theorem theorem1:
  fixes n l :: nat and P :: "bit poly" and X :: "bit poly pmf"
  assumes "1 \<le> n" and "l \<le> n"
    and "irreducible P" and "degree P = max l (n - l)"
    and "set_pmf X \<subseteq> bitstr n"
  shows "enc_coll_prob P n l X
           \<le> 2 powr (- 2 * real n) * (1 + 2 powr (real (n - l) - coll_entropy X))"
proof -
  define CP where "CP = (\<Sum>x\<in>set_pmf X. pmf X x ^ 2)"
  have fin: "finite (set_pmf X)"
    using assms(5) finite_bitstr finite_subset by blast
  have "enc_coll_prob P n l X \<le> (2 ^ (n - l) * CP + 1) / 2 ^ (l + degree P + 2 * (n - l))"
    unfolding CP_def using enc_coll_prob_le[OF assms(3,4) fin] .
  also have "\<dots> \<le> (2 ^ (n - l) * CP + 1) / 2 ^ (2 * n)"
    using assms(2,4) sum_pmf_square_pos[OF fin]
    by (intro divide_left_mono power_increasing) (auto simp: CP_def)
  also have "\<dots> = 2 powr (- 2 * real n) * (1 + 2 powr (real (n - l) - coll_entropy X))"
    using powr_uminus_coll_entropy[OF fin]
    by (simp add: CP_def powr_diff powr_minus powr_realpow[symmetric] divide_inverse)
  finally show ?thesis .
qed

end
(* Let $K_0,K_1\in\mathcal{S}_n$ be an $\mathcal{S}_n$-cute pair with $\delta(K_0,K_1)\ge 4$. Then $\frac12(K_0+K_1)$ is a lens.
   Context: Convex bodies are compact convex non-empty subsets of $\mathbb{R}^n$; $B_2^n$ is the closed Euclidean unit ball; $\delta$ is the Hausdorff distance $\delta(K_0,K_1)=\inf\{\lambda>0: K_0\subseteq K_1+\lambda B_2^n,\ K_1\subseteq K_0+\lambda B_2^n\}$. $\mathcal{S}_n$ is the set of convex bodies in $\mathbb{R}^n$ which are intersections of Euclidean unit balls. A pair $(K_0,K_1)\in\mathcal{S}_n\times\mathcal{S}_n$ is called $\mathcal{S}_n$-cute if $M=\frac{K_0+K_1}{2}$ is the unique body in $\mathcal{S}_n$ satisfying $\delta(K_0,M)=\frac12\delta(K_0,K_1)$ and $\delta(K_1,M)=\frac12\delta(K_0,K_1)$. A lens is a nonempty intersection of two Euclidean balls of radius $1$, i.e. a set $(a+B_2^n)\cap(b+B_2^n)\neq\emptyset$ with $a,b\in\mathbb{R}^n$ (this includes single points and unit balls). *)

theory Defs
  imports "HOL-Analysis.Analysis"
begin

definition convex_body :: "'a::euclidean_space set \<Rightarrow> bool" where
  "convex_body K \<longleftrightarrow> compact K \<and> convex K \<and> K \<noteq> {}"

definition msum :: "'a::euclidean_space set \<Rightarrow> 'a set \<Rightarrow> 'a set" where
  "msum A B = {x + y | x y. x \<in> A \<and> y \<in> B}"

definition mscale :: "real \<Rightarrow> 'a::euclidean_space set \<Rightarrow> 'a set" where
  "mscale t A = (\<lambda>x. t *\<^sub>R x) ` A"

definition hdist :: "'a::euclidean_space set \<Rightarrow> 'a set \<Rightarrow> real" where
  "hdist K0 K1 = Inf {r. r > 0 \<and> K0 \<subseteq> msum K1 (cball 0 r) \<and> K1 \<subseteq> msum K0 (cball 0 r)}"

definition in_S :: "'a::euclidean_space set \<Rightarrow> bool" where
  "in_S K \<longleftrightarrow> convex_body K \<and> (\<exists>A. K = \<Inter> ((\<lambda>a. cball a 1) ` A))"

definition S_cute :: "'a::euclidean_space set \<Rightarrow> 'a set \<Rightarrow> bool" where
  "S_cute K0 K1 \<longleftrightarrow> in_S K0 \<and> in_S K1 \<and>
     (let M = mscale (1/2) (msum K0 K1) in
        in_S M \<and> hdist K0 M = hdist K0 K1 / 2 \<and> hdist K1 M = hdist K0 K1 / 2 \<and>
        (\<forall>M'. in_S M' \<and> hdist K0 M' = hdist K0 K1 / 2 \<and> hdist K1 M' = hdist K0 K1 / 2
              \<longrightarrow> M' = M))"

◇ ◇ ◇ ◇

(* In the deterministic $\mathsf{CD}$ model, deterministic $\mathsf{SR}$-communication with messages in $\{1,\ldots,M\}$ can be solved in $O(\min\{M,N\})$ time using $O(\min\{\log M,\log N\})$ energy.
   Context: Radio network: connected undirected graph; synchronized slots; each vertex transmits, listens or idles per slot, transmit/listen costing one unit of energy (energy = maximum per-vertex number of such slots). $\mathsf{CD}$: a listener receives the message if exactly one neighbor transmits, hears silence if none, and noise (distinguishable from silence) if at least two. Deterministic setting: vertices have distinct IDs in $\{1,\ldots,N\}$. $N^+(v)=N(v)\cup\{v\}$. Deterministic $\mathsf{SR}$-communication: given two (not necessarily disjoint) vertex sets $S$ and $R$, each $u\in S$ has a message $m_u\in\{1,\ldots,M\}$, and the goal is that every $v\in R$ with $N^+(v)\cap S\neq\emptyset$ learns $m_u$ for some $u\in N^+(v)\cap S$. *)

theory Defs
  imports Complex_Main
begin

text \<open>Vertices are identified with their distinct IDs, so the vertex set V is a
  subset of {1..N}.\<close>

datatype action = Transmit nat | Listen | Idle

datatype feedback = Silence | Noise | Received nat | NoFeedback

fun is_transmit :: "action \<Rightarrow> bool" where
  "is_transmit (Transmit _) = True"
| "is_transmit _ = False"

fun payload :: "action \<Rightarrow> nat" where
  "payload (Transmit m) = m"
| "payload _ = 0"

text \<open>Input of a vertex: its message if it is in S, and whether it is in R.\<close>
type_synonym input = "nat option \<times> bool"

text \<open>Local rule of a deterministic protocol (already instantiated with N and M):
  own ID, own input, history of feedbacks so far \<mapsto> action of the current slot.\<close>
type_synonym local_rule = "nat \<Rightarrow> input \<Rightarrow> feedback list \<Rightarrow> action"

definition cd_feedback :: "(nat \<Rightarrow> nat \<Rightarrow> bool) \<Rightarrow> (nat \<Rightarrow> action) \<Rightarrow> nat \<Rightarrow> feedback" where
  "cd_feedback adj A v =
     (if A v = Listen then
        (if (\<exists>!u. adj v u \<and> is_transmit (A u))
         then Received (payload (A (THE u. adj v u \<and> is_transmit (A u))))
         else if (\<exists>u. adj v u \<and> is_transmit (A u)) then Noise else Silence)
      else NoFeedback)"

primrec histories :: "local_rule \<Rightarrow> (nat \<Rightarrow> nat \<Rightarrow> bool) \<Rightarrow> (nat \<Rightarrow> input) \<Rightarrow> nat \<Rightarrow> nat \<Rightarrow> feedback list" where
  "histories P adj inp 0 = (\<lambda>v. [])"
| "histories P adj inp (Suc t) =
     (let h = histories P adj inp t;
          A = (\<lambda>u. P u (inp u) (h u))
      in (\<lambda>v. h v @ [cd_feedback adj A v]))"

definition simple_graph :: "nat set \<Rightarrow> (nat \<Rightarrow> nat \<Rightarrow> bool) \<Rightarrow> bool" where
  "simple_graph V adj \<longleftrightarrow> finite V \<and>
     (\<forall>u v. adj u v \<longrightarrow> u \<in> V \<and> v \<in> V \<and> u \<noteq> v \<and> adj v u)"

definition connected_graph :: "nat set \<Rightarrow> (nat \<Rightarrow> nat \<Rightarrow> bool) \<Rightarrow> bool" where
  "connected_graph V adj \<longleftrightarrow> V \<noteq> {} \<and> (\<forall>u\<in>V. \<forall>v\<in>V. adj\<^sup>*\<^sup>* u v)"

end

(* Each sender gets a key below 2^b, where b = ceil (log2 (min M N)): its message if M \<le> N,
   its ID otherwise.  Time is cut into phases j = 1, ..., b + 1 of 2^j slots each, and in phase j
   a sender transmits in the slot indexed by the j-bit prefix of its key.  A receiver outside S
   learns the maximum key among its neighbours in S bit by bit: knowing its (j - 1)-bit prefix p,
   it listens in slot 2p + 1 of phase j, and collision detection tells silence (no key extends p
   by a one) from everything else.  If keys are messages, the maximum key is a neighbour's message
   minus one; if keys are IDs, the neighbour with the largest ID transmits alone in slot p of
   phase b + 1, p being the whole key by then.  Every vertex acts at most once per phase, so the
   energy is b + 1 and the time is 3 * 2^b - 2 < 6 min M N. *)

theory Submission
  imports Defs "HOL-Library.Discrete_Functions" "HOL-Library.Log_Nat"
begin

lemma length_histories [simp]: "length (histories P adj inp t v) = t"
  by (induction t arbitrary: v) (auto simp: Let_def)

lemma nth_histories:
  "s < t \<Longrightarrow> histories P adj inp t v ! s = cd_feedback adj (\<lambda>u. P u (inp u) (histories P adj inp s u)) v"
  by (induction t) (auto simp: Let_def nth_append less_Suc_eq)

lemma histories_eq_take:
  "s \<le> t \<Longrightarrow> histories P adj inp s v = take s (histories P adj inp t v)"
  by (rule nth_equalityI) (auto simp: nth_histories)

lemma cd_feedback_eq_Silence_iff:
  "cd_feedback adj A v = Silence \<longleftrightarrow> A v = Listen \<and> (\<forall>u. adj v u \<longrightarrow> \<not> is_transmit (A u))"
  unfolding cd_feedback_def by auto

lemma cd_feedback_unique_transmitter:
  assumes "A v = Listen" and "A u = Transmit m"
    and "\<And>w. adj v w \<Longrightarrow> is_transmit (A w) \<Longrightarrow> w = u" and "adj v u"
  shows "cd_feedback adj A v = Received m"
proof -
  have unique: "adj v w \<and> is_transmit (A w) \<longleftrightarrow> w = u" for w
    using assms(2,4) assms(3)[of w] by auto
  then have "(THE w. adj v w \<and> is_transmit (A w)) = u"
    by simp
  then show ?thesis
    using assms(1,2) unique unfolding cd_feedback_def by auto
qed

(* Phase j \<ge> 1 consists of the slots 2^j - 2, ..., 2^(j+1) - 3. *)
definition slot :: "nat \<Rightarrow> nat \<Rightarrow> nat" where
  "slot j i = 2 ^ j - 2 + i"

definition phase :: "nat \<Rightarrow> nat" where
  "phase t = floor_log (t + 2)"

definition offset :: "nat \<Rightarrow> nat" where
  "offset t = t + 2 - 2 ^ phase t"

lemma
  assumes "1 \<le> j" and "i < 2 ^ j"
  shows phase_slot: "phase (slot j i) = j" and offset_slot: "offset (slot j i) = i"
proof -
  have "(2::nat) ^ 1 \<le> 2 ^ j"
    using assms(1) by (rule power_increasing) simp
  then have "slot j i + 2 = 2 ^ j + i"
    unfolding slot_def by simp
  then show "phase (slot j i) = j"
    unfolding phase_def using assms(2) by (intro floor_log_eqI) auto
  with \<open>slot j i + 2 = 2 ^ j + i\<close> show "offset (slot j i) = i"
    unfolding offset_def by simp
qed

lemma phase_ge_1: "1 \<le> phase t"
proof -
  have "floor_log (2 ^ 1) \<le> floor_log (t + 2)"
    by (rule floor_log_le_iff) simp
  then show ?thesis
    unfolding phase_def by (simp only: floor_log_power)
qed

◇ ◇ ◇ ◇

Problem statement:
Your answer should hold every line of the entries that contains the string "slots".

The answer:
   Context: Radio network: connected undirected graph; synchronized slots; each vertex transmits, listens or idles per slot, transmit/listen costing one unit of energy (energy = maximum per-vertex number of such slots). $\mathsf{CD}$: a listener receives the message if exactly one neighbor transmits, hears silence if none, and noise (distinguishable from silence) if at least two. Deterministic setting: vertices have distinct IDs in $\{1,\ldots,N\}$. $N^+(v)=N(v)\cup\{v\}$. Deterministic $\mathsf{SR}$-communication: given two (not necessarily disjoint) vertex sets $S$ and $R$, each $u\in S$ has a message $m_u\in\{1,\ldots,M\}$, and the goal is that every $v\in R$ with $N^+(v)\cap S\neq\emptyset$ learns $m_u$ for some $u\in N^+(v)\cap S$. *)
   its ID otherwise.  Time is cut into phases j = 1, ..., b + 1 of 2^j slots each, and in phase j
(* Phase j \<ge> 1 consists of the slots 2^j - 2, ..., 2^(j+1) - 3. *)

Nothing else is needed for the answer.